Task instructions:
Lines to return, exactly: from the line with "by (simp add: lform_def eSq_def" to the line with "eE g \<longleftrightarrow>" in the entries below, both included.

----- Given records -----

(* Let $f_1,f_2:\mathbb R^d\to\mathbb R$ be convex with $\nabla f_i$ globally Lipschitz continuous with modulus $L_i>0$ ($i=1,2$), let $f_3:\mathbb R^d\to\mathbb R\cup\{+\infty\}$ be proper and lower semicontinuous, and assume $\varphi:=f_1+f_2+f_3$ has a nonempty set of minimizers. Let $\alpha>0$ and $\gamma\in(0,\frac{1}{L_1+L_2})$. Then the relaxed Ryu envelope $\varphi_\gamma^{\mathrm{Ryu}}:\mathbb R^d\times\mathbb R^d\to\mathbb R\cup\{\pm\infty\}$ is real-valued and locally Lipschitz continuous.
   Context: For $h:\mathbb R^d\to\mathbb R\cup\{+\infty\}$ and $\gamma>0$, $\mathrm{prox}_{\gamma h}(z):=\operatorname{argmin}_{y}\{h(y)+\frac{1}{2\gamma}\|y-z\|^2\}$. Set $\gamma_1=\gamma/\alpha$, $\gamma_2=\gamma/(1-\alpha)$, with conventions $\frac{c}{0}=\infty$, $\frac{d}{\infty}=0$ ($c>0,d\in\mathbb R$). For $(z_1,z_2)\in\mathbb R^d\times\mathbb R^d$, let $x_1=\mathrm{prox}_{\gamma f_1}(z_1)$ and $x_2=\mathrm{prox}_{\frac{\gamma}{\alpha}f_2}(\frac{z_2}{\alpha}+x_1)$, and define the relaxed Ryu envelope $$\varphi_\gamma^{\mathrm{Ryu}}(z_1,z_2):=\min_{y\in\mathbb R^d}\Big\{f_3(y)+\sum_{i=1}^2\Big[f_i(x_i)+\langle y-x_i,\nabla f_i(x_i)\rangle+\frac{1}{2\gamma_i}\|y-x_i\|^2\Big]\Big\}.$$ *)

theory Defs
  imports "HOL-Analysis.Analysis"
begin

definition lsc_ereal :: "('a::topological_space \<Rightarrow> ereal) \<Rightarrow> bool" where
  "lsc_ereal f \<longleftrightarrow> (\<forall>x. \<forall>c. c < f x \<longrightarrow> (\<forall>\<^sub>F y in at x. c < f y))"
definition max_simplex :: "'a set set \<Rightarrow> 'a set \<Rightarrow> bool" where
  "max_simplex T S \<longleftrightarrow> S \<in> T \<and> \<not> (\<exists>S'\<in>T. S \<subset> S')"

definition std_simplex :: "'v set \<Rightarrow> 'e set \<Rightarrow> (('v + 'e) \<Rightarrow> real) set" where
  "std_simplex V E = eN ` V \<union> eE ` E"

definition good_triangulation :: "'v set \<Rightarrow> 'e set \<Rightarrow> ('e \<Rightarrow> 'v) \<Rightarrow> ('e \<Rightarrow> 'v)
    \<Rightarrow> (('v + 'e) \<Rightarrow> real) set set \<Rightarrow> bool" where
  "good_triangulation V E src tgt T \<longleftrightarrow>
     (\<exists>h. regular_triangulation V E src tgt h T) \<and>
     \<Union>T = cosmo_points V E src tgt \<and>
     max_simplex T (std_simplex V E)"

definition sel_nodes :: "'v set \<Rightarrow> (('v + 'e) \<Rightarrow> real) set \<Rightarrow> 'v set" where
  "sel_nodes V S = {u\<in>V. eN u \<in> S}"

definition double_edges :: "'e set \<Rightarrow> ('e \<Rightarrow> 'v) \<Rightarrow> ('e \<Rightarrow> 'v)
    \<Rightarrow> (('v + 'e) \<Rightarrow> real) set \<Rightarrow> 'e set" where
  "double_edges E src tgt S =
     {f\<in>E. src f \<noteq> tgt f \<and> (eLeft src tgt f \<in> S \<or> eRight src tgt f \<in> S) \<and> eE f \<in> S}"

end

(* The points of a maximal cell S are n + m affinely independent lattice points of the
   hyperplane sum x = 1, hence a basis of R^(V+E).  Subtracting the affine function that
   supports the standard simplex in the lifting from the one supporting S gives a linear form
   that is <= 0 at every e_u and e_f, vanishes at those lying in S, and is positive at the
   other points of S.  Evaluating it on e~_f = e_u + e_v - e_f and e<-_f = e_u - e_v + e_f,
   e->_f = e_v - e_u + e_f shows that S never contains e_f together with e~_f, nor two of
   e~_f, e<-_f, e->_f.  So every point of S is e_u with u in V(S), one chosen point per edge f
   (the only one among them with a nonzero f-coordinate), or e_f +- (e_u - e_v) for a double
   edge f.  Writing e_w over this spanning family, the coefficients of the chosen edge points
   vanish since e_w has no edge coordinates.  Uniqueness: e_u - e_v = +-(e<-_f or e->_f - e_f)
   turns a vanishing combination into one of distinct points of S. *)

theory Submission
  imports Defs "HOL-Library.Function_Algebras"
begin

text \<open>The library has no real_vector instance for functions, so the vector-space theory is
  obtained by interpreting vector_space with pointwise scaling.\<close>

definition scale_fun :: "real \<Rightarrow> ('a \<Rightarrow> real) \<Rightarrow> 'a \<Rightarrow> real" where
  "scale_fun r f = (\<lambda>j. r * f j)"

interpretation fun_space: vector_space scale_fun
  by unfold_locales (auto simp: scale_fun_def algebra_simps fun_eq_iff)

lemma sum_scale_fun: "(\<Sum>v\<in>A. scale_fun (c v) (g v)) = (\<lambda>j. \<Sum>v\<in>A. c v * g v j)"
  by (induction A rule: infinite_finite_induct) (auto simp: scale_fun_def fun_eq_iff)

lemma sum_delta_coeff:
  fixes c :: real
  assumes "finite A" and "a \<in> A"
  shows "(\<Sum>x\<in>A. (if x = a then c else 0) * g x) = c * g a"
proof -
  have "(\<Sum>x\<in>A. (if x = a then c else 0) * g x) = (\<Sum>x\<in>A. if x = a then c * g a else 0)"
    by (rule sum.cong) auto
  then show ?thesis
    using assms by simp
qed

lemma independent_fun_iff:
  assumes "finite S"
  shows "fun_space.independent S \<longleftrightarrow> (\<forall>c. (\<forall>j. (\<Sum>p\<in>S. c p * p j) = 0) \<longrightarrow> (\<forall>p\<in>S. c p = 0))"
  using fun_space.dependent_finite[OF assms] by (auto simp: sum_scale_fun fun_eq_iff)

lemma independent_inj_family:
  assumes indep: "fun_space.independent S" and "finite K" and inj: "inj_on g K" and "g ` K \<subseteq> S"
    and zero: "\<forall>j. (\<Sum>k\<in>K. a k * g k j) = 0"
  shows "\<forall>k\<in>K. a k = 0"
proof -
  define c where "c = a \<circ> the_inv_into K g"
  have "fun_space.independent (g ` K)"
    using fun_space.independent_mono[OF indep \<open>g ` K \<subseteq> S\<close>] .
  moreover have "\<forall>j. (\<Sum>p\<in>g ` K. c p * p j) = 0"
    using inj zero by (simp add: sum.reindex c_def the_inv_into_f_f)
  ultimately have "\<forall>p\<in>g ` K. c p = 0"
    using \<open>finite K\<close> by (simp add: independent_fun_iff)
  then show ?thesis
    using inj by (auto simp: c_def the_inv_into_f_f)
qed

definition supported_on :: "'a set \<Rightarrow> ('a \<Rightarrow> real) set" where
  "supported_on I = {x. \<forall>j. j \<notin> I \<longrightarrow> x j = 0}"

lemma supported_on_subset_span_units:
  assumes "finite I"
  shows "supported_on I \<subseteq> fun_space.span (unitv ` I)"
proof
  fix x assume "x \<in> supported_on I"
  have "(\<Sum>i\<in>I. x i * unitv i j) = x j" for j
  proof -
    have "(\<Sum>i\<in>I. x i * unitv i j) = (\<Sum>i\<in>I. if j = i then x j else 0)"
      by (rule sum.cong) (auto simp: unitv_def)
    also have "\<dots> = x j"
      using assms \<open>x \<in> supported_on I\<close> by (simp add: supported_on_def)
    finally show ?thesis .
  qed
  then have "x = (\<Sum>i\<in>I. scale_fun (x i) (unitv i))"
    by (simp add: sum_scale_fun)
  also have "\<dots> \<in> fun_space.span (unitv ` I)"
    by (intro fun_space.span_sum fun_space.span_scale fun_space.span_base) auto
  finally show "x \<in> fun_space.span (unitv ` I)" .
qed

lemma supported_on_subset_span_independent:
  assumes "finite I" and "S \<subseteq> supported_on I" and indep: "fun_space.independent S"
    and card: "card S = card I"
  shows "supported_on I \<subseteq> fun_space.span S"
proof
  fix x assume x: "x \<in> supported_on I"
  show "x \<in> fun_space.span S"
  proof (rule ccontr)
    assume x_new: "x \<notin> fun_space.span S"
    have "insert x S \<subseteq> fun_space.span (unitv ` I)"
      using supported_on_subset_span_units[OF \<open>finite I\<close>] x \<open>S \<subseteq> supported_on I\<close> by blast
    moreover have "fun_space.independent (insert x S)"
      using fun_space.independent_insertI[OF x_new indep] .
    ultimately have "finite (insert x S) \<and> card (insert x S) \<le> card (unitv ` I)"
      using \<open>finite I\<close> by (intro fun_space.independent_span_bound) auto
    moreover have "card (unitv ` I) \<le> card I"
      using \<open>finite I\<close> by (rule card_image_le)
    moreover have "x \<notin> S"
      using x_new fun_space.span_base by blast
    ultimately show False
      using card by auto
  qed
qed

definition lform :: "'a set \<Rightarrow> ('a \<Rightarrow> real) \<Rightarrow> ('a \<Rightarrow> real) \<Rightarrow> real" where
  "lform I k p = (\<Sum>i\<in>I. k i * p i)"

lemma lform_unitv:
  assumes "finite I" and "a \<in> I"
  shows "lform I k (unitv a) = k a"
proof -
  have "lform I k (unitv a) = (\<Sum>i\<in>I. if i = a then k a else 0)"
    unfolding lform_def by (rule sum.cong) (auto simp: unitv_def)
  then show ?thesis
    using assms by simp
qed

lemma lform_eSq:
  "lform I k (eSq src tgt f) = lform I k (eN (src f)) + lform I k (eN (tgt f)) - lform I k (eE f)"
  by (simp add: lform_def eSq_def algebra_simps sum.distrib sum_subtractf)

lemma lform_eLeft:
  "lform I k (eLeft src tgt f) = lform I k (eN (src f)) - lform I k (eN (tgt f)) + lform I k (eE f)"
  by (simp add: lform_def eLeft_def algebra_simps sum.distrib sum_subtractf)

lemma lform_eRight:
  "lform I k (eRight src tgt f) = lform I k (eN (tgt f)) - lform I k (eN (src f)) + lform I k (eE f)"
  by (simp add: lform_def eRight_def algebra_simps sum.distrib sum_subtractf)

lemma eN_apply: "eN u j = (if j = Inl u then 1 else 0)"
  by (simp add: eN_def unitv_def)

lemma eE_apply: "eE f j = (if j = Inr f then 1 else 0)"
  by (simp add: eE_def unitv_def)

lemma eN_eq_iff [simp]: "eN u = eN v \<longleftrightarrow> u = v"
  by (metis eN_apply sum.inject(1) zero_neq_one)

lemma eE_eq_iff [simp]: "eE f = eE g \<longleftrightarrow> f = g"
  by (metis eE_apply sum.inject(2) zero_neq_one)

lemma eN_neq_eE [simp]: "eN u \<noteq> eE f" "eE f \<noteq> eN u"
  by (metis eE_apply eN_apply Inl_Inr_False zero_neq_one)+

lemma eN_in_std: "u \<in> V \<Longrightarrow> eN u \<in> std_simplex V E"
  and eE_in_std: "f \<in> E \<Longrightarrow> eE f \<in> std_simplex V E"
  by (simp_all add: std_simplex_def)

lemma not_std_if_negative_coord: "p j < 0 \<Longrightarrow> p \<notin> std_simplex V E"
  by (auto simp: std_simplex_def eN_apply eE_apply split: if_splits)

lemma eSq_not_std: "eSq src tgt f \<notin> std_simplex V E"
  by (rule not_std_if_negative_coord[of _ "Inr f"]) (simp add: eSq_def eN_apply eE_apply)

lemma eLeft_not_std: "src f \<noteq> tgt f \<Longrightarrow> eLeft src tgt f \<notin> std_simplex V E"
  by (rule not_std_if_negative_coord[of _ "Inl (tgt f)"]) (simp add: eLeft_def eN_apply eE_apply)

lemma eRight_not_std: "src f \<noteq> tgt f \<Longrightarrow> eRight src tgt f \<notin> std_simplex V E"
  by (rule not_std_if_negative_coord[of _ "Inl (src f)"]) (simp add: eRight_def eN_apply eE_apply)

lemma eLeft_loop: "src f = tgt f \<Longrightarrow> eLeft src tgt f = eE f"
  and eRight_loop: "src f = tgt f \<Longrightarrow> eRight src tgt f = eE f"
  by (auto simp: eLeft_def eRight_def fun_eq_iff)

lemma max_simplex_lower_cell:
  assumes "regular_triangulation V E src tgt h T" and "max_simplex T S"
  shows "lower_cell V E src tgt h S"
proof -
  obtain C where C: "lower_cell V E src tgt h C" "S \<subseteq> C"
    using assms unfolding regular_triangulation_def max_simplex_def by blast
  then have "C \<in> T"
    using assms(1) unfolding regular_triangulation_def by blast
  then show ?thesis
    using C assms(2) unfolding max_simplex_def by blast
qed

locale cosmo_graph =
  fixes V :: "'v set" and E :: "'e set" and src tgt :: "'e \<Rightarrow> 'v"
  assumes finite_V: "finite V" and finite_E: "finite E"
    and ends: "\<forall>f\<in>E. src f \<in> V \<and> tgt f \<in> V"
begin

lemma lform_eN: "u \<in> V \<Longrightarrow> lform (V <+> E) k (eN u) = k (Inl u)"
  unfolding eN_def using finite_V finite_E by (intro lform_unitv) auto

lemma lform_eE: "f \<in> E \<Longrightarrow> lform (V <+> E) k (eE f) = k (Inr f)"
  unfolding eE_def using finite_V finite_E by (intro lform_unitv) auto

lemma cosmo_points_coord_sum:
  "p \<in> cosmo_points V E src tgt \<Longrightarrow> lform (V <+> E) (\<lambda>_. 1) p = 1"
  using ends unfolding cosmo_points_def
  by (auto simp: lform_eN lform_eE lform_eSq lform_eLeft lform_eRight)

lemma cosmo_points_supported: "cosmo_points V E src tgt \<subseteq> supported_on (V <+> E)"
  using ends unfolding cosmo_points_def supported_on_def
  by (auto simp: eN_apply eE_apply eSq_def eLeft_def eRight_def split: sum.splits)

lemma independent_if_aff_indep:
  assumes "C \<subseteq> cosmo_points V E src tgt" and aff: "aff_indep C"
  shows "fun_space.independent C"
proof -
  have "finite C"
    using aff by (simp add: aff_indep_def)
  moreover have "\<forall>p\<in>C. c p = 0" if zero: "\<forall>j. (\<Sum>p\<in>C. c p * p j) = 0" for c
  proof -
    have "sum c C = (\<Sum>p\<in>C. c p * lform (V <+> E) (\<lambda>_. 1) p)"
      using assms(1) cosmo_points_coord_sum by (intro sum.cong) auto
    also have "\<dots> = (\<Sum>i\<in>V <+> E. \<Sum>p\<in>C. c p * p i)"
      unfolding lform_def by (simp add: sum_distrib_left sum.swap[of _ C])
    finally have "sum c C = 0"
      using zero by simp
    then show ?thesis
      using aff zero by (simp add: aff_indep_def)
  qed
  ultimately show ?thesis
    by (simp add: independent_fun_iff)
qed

-----

Written answer:
  by (simp add: lform_def eSq_def algebra_simps sum.distrib sum_subtractf)

lemma lform_eLeft:
  "lform I k (eLeft src tgt f) = lform I k (eN (src f)) - lform I k (eN (tgt f)) + lform I k (eE f)"
  by (simp add: lform_def eLeft_def algebra_simps sum.distrib sum_subtractf)

lemma lform_eRight:
  "lform I k (eRight src tgt f) = lform I k (eN (tgt f)) - lform I k (eN (src f)) + lform I k (eE f)"
  by (simp add: lform_def eRight_def algebra_simps sum.distrib sum_subtractf)

lemma eN_apply: "eN u j = (if j = Inl u then 1 else 0)"
  by (simp add: eN_def unitv_def)

lemma eE_apply: "eE f j = (if j = Inr f then 1 else 0)"
  by (simp add: eE_def unitv_def)

lemma eN_eq_iff [simp]: "eN u = eN v \<longleftrightarrow> u = v"
  by (metis eN_apply sum.inject(1) zero_neq_one)

lemma eE_eq_iff [simp]: "eE f = eE g \<longleftrightarrow> f = g"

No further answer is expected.